Many problems in IT start off as one thing and end up a completely unrelated root cause for the issue you are troubleshooting. I've worked with databases for decades in my career and while I wouldn't consider myself a DBA (Database Administrator), having a strong understanding of databases is crucial.
One of our clients runs version control software that is backed by a Postgres database and over time, our team noticed that disk space on the data drive was experiencing an unusually rapid consumption rate.
Collaborative Insights: Unraveling Usage Patterns and Data Bloat
Our team of experts at iuvo did not have a lot of insight as to how the client’s engineers used the system or the type of growth that would be typical to expect during a development cycle. We collaborated with another external consultant, who was part of the client's staff and shared responsibility for the infrastructure, to gain insights into the system's history.
iuvo, along with this external consultant, analyzed usage and tried to determine what the issue was. Disk space was recovered by deleting unnecessary backups that had occurred, along with other unnecessary software. Our initial suspicion as to the root cause of this issue was that there wasn't necessarily excessive growth, but rather unnecessary data over time.
Unfortunately, weeks later all the space our team had freed up was used again. This is when I started feeling something was wrong.
In IT work - the root problem is often not as obvious as the symptoms make it appear to be.
In this case - it seemed likely that the growth was driven by increased storage needs within the application, which became the focal point of our discussion. The external consultant was pushing for a new and larger server with a more complicated setup and migration that would fix the situation from their standpoint while incurring our client unnecessary expenses.
Root Cause Analysis: Posing the Right Questions
It did not feel right to me, the question of “why now?” had not been answered. A new more expensive server was not a fix, it was a bandage. We needed to determine what suddenly caused all this growth when, for years, it was minimal. I believe that the only stupid questions are the ones that are not asked. Questions are how root cause analysis is done.
In elementary school I learned the 5 W's of writing/research (who, what, where, when, why) and it is an excellent mindset to apply to technology troubleshooting. I ask questions all day every day.
Who: Who has access to the system? Who has made changes recently? Who owns the product and knows most about how it is supposed to operate? Who can you get more information from?
What: What is broken? Are there misconfigurations? Does everything look like you expect it to look. If so - what is different? With computers - everything that is being done is being done because of a command from someone or something.
When: When did this happen? How much growth is happening across a given period of time? Was it happening like this years ago? When did the uptick start happening? This is when time series graphs are invaluable as they allow you to go back in time and look for the beginning of your anomalies.
Where: Where is it happening? Where is the space being consumed? Where does the data live and originate from? Where are the machines that are interacting with this environment? Where do the backups live?
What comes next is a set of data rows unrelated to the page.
definition distZ :: "real \<Rightarrow> real" where
  "distZ x = min (x - real_of_int \<lfloor>x\<rfloor>) (real_of_int \<lfloor>x\<rfloor> + 1 - x)"

definition mp_flow :: "'a measure \<Rightarrow> (real \<Rightarrow> 'a \<Rightarrow> 'a) \<Rightarrow> bool" where
  "mp_flow M U \<longleftrightarrow>
     (\<lambda>(t, x). U t x) \<in> measurable (borel \<Otimes>\<^sub>M M) M \<and>
     (\<forall>x\<in>space M. U 0 x = x) \<and>
     (\<forall>s t. \<forall>x\<in>space M. U (s + t) x = U s (U t x)) \<and>
     (\<forall>t. distr M M (U t) = M)"

definition Linfty :: "'a measure \<Rightarrow> ('a \<Rightarrow> real) set" where
  "Linfty M = {F. F \<in> borel_measurable M \<and> (\<exists>C. AE x in M. \<bar>F x\<bar> \<le> C)}"

text \<open>Since a free type variable in a theorem is universally quantified, a theorem stating
  pointwise_good TYPE('a) a for arbitrary 'a expresses membership in the class G.\<close>
definition pointwise_good :: "'a itself \<Rightarrow> (nat \<Rightarrow> real) \<Rightarrow> bool" where
  "pointwise_good _ a \<longleftrightarrow>
     (\<forall>(M :: 'a measure) U F. prob_space M \<and> mp_flow M U \<and> F \<in> Linfty M \<longrightarrow>
        (AE x in M. convergent (\<lambda>n. (1 / real n) * (\<Sum>k=1..n. F (U (a k) x)))))"

end

theory Submission
  imports Defs
begin

text \<open>
  Write \<open>\<theta>\<^sub>k = frac (k u + v)\<close>.  Then \<open>a\<^sub>k = \<theta>\<^sub>k\<close> if \<open>\<theta>\<^sub>k < 1/2\<close> and
  \<open>a\<^sub>k = 1 - \<theta>\<^sub>k\<close> otherwise, so \<open>F (U a\<^sub>k x)\<close> is a sum of two windowed observables
  \<open>W r x = F (U r x) \<cdot> 1\<^bsub>[a,b)\<^esub> r\<close> evaluated at \<open>r = \<theta>\<^sub>k\<close> (the second one for the reversed flow
  and \<open>F \<circ> U 1\<close>).  Averages of \<open>W (s + k u mod 1) x\<close> are Birkhoff averages of the skew product
  \<open>(s, x) \<mapsto> (s + u mod 1, x)\<close> on circle \<open>\<times>\<close> X, so they converge for almost every s and x.
  To reach the given angle \<open>frac v\<close>, take a good angle \<open>s = frac v + \<delta>\<close> with \<delta> small and
  replace x by \<open>U (-\<delta>) x\<close>: the two averages differ only at indices k with \<open>\<theta>\<^sub>k\<close> within \<delta>
  to the left of a window end, and these have density at most 3/L once \<delta> is small
  (orbit_window_count).  Letting L tend to infinity gives convergence.

  The argument works for all real u and v.
\<close>

definition birkhoff_sum :: "('b \<Rightarrow> 'b) \<Rightarrow> ('b \<Rightarrow> real) \<Rightarrow> nat \<Rightarrow> 'b \<Rightarrow> real" where
  "birkhoff_sum T h n y = (\<Sum>k<n. h ((T^^k) y))"
lemma finite_Hom: "finite (verts G) \<Longrightarrow> finite (verts H) \<Longrightarrow> finite (Hom G H)"
  by (rule finite_subset[of _ "verts G \<rightarrow>\<^sub>E verts H"]) (auto simp: Hom_def intro: finite_PiE)

lemma finite_Strict: "finite (verts G) \<Longrightarrow> finite (verts H) \<Longrightarrow> finite (Strict G H)"
  using finite_Hom Strict_subset_Hom by (rule finite_subset[rotated])

section \<open>Connectivity as a transitive closure\<close>

definition adjacency_within :: "'a digraph \<Rightarrow> 'a set \<Rightarrow> 'a rel" where
  "adjacency_within G X = {(a, b). a \<in> X \<and> b \<in> X \<and> adjacent G a b}"

lemma sym_adjacency_within: "sym (adjacency_within G X)"
  unfolding sym_def adjacency_within_def adjacent_def by auto

lemma connected_in_iff_trancl:
  "connected_in G X v w \<longleftrightarrow> v = w \<or> (v, w) \<in> (adjacency_within G X)\<^sup>+"
proof
  assume "connected_in G X v w"
  then show "v = w \<or> (v, w) \<in> (adjacency_within G X)\<^sup>+"
  proof (unfold connected_in_def, elim disjE exE conjE)
    fix zs assume len: "2 \<le> length zs" and ends: "hd zs = v" "last zs = w" and X: "set zs \<subseteq> X"
      and adj: "\<forall>i. Suc i < length zs \<longrightarrow> adjacent G (zs ! i) (zs ! Suc i)"
    define n where "n = length zs - 1"
    have "(zs ! i, zs ! Suc i) \<in> adjacency_within G X" if "i < n" for i
      using that adj X unfolding n_def adjacency_within_def by (auto dest: nth_mem)
    then have "(zs ! 0, zs ! n) \<in> adjacency_within G X ^^ n"
      by (auto simp: relpow_fun_conv)
    moreover have "zs ! 0 = v" "zs ! n = w" "n > 0"
      using ends len hd_conv_nth[of zs] last_conv_nth[of zs] by (force simp: n_def)+
    ultimately show ?thesis by (auto simp: trancl_power)
  qed simp
next
  assume "v = w \<or> (v, w) \<in> (adjacency_within G X)\<^sup>+"
  then show "connected_in G X v w"
  proof
    assume "(v, w) \<in> (adjacency_within G X)\<^sup>+"
    then obtain n f where n: "n > 0" "f 0 = v" "f n = w"
      and step: "\<And>i. i < n \<Longrightarrow> (f i, f (Suc i)) \<in> adjacency_within G X"
      by (auto simp: trancl_power relpow_fun_conv)
    define zs where "zs = map f [0..<Suc n]"
    have "f i \<in> X" if "i \<le> n" for i
    proof (cases "i < n")
      case True
      then show ?thesis using step by (auto simp: adjacency_within_def)
    next
      case False
      then have "i = Suc (n - 1)" using that n by simp
      then show ?thesis using step[of "n - 1"] n by (auto simp: adjacency_within_def)
    qed
    then have "set zs \<subseteq> X" by (auto simp: zs_def)
    moreover have "\<forall>i. Suc i < length zs \<longrightarrow> adjacent G (zs ! i) (zs ! Suc i)"
      using step by (auto simp: zs_def adjacency_within_def simp del: upt_Suc)
    moreover have "hd zs = v" "last zs = w" "length zs \<ge> 2"
      using n by (auto simp: zs_def hd_map last_map simp del: upt_Suc)
    ultimately show ?thesis unfolding connected_in_def by blast
  qed (simp add: connected_in_def)
qed

lemma gamma_eq_rtrancl_Image: "v \<in> X \<Longrightarrow> gamma G X v = (adjacency_within G X)\<^sup>* `` {v}"
proof -
  have "adjacency_within G X \<subseteq> X \<times> X" unfolding adjacency_within_def by blast
  then have "(adjacency_within G X)\<^sup>+ \<subseteq> X \<times> X" by (rule trancl_subset_Sigma)
  moreover assume "v \<in> X"
  ultimately show ?thesis
    by (auto simp: gamma_def connected_in_iff_trancl rtrancl_eq_or_trancl)
qed

definition fibre :: "'a digraph \<Rightarrow> ('a \<Rightarrow> 'b) \<Rightarrow> 'a \<Rightarrow> 'a set" where
  "fibre G \<xi> v = {u \<in> verts G. \<xi> u = \<xi> v}"
(* Let $\mathbf x_1,\dots,\mathbf x_n\in\mathbb R^d$ be distinct points, let $f\colon(0,\infty)\to\mathbb R$ be differentiable, and let $J\colon\mathbb R^n\to\mathbb R$ be a symmetric function that is differentiable at $\lambda(W^{\mathbf x})$. Then the gradient of $\mathbf x\mapsto J(\lambda(W^{\mathbf x}))$ with respect to $\mathbf x_i$ is $$\nabla_{\mathbf x_i}\big(J\circ\lambda\circ W^{\mathbf x}\big)=4\sum_{k\ne i}\big(U\,\mathrm{diag}(\nabla J(\lambda))\,U^t\big)_{ik}\, f'\big(|\mathbf x_i-\mathbf x_k|^2\big)\,(\mathbf x_i-\mathbf x_k)$$ for any orthogonal matrix $U\in O(n)$ satisfying $W^{\mathbf x}=U\,\mathrm{diag}(\lambda(W^{\mathbf x}))\,U^t$, where $\nabla J(\lambda)$ is evaluated at $\lambda=\lambda(W^{\mathbf x})$.
   Context: $W^{\mathbf x}$ is the $n\times n$ symmetric matrix with $W^{\mathbf x}_{ij}=f(|\mathbf x_i-\mathbf x_j|^2)$ for $i\ne j$ (Euclidean distance) and $W^{\mathbf x}_{ii}=0$. For a real symmetric matrix $A$, $\lambda(A)\in\mathbb R^n$ denotes the vector of its eigenvalues in non-decreasing order. A function $J\colon\mathbb R^n\to\mathbb R$ is symmetric if $J(x)$ is invariant under permutations of the components of $x$. *)

theory Defs
  imports "HOL-Analysis.Analysis" "HOL-Computational_Algebra.Polynomial"
begin

definition diag_mat :: "real ^ 'n \<Rightarrow> real ^ 'n ^ 'n" where
  "diag_mat v = (\<chi> i j. if i = j then v $ j else 0)"

definition charpoly :: "real ^ 'n ^ 'n \<Rightarrow> real poly" where
  "charpoly A = det (\<chi> i j. (if i = j then [:0, 1:] else 0) - [:A $ i $ j:])"

definition eigvals :: "real ^ ('n :: {finite, linorder}) ^ ('n :: {finite, linorder}) \<Rightarrow> real ^ ('n :: {finite, linorder})" where
  "eigvals A = (THE l. (\<forall>i j. i \<le> j \<longrightarrow> l $ i \<le> l $ j) \<and>
      (\<forall>c. card {j. l $ j = c} = order c (charpoly A)))"

text \<open>W^x: rows of x are the points x_1..x_n in R^d.\<close>
definition Wmat :: "(real \<Rightarrow> real) \<Rightarrow> real ^ 'd ^ 'n \<Rightarrow> real ^ 'n ^ 'n" where
  "Wmat f x = (\<chi> i j. if i = j then 0 else f ((norm (x $ i - x $ j))\<^sup>2))"
lemma phi_has_integral: "(phi m has_integral (if m = 0 then 2 else 0)) {-1..1}"
proof (cases "m = 0")
  case True
  then have "phi m = (\<lambda>_. 1)"
    by (auto simp: phi_def fun_eq_iff)
  then show ?thesis
    using True has_integral_const_real[of "1::complex" "-1" 1] by (simp add: scaleR_conv_of_real)
next
  case False
  define c where "c = \<i> * of_real (of_int m * pi)"
  have "c \<noteq> 0"
    using False by (simp add: c_def)
  then have "((\<lambda>t. phi m t / c) has_vector_derivative phi m x) (at x within {-1..1})" for x
    using has_vector_derivative_divide[OF phi_has_vector_derivative[of m x "{-1..1}"], of c]
    by (simp add: c_def)
  then have "(phi m has_integral (phi m 1 / c - phi m (-1) / c)) {-1..1}"
    by (intro fundamental_theorem_of_calculus) auto
  moreover have "phi m 1 = phi m (-1)"
  proof -
    have "phi m 1 = cis (of_int m * pi)" "phi m (-1) = cis (- (of_int m * pi))"
      by (simp_all add: phi_def cis_conv_exp)
    moreover have "sin (of_int m * pi) = 0"
      by (metis sin_npi_int mult.commute)
    ultimately show ?thesis
      by (simp add: cis.ctr)
  qed
  ultimately show ?thesis
    using False by simp
qed

lemma trig_poly_has_vector_derivative:
  "(trig_poly I c has_vector_derivative trig_poly I (trig_deriv_coeffs c) t) (at t within S)"
proof -
  have "((\<lambda>t. \<Sum>k\<in>I. c k * phi k t) has_vector_derivative
      (\<Sum>k\<in>I. c k * (\<i> * of_real (of_int k * pi) * phi k t))) (at t within S)"
    by (intro has_vector_derivative_sum has_vector_derivative_mult_right phi_has_vector_derivative)
  then show ?thesis
    unfolding trig_poly_def trig_deriv_coeffs_def by (simp add: mult_ac)
qed

lemma continuous_on_trig_poly: "continuous_on S (trig_poly I c)"
  unfolding trig_poly_def phi_def by (intro continuous_intros)

lemma cnj_trig_poly_mult:
  "cnj (trig_poly I c t) * trig_poly I d t = (\<Sum>j\<in>I. \<Sum>k\<in>I. cnj (c j) * d k * phi (k - j) t)"
proof -
  have "cnj (trig_poly I c t) * trig_poly I d t
      = (\<Sum>j\<in>I. cnj (c j) * phi (- j) t) * (\<Sum>k\<in>I. d k * phi k t)"
    by (simp add: trig_poly_def cnj_phi)
  also have "\<dots> = (\<Sum>j\<in>I. \<Sum>k\<in>I. cnj (c j) * d k * (phi (- j) t * phi k t))"
    by (simp add: sum_distrib_left sum_distrib_right mult_ac)
  finally show ?thesis
    by (simp add: phi_mult_phi)
qed

lemma trig_poly_inner_has_integral:
  assumes "finite I"
  shows "((\<lambda>t. cnj (trig_poly I c t) * trig_poly I d t) has_integral 2 * (\<Sum>k\<in>I. cnj (c k) * d k)) {-1..1}"
proof -
  have "((\<lambda>t. \<Sum>j\<in>I. \<Sum>k\<in>I. cnj (c j) * d k * phi (k - j) t) has_integral
      (\<Sum>j\<in>I. \<Sum>k\<in>I. cnj (c j) * d k * (if k - j = 0 then 2 else 0))) {-1..1}"
    by (intro has_integral_sum assms has_integral_mult_right phi_has_integral)
  moreover have "(\<Sum>j\<in>I. \<Sum>k\<in>I. cnj (c j) * d k * (if k - j = 0 then 2 else 0))
      = (\<Sum>j\<in>I. \<Sum>k\<in>I. if j = k then cnj (c j) * d k * 2 else 0)"
    by (intro sum.cong refl) auto
  moreover have "\<dots> = 2 * (\<Sum>k\<in>I. cnj (c k) * d k)"
    using assms by (simp add: sum.delta sum_distrib_left mult_ac)
  ultimately show ?thesis
    by (simp add: cnj_trig_poly_mult)
qed

lemma trig_poly_norm_sq_has_integral:
  assumes "finite I"
  shows "((\<lambda>t. (cmod (trig_poly I c t))\<^sup>2) has_integral 2 * (\<Sum>k\<in>I. (cmod (c k))\<^sup>2)) {-1..1}"
proof -
  have "((Re \<circ> (\<lambda>t. cnj (trig_poly I c t) * trig_poly I c t))
      has_integral Re (2 * (\<Sum>k\<in>I. cnj (c k) * c k))) {-1..1}"
    by (rule has_integral_linear[OF trig_poly_inner_has_integral[OF assms] bounded_linear_Re])
  moreover have "Re (cnj z * z) = (cmod z)\<^sup>2" for z
    using complex_norm_square[of z] by (metis Re_complex_of_real mult.commute)
  ultimately show ?thesis
    by (simp add: o_def Re_sum)
qed

lemma sum_sq_trig_deriv_coeffs_le:
  assumes "\<And>k. k \<in> I \<Longrightarrow> \<bar>k\<bar> \<le> int M"
  shows "(\<Sum>k\<in>I. (cmod (trig_deriv_coeffs c k))\<^sup>2) \<le> (pi * M)\<^sup>2 * (\<Sum>k\<in>I. (cmod (c k))\<^sup>2)"
proof -
  have "(cmod (trig_deriv_coeffs c k))\<^sup>2 \<le> (pi * M)\<^sup>2 * (cmod (c k))\<^sup>2" if "k \<in> I" for k
  proof -
    have "\<bar>real_of_int k\<bar> \<le> real M"
      using assms[OF that] by linarith
    then have "cmod (trig_deriv_coeffs c k) \<le> pi * M * cmod (c k)"
      by (simp add: trig_deriv_coeffs_def norm_mult mult_right_mono mult.commute mult.left_commute)
    then show ?thesis
      by (metis norm_ge_zero power_mono power_mult_distrib)
  qed
  then show ?thesis
    by (simp add: sum_distrib_left sum_mono)
qed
Why: Why is the first question that I believe most IT professionals will ask themselves for any issue that comes up. Why did this occur? Why did something get changed? Why did the rate of space consumption increase?
So, I began my process of thinking about what has changed in the last few months, especially change that caused some sort of residual effect for days or weeks later. It reminded me of an incident I experienced a little over a decade ago - the leap second JVM bug on June 30th, 2012. There was fallout for weeks even months after. Little obscure things that were related but hard to notice - the issue with this client felt similar. I opened a support case with the product vendor to begin investigation on their side to figure out how we could see a breakdown of the data from within the database from their software.
In addition, I began looking generally around the system for other anomalies to see if I could prove that my suspicions were correct. I had worked in this environment for a few months so while I had some familiarity, I still had a bit of uncertainty as to what exactly I was looking for.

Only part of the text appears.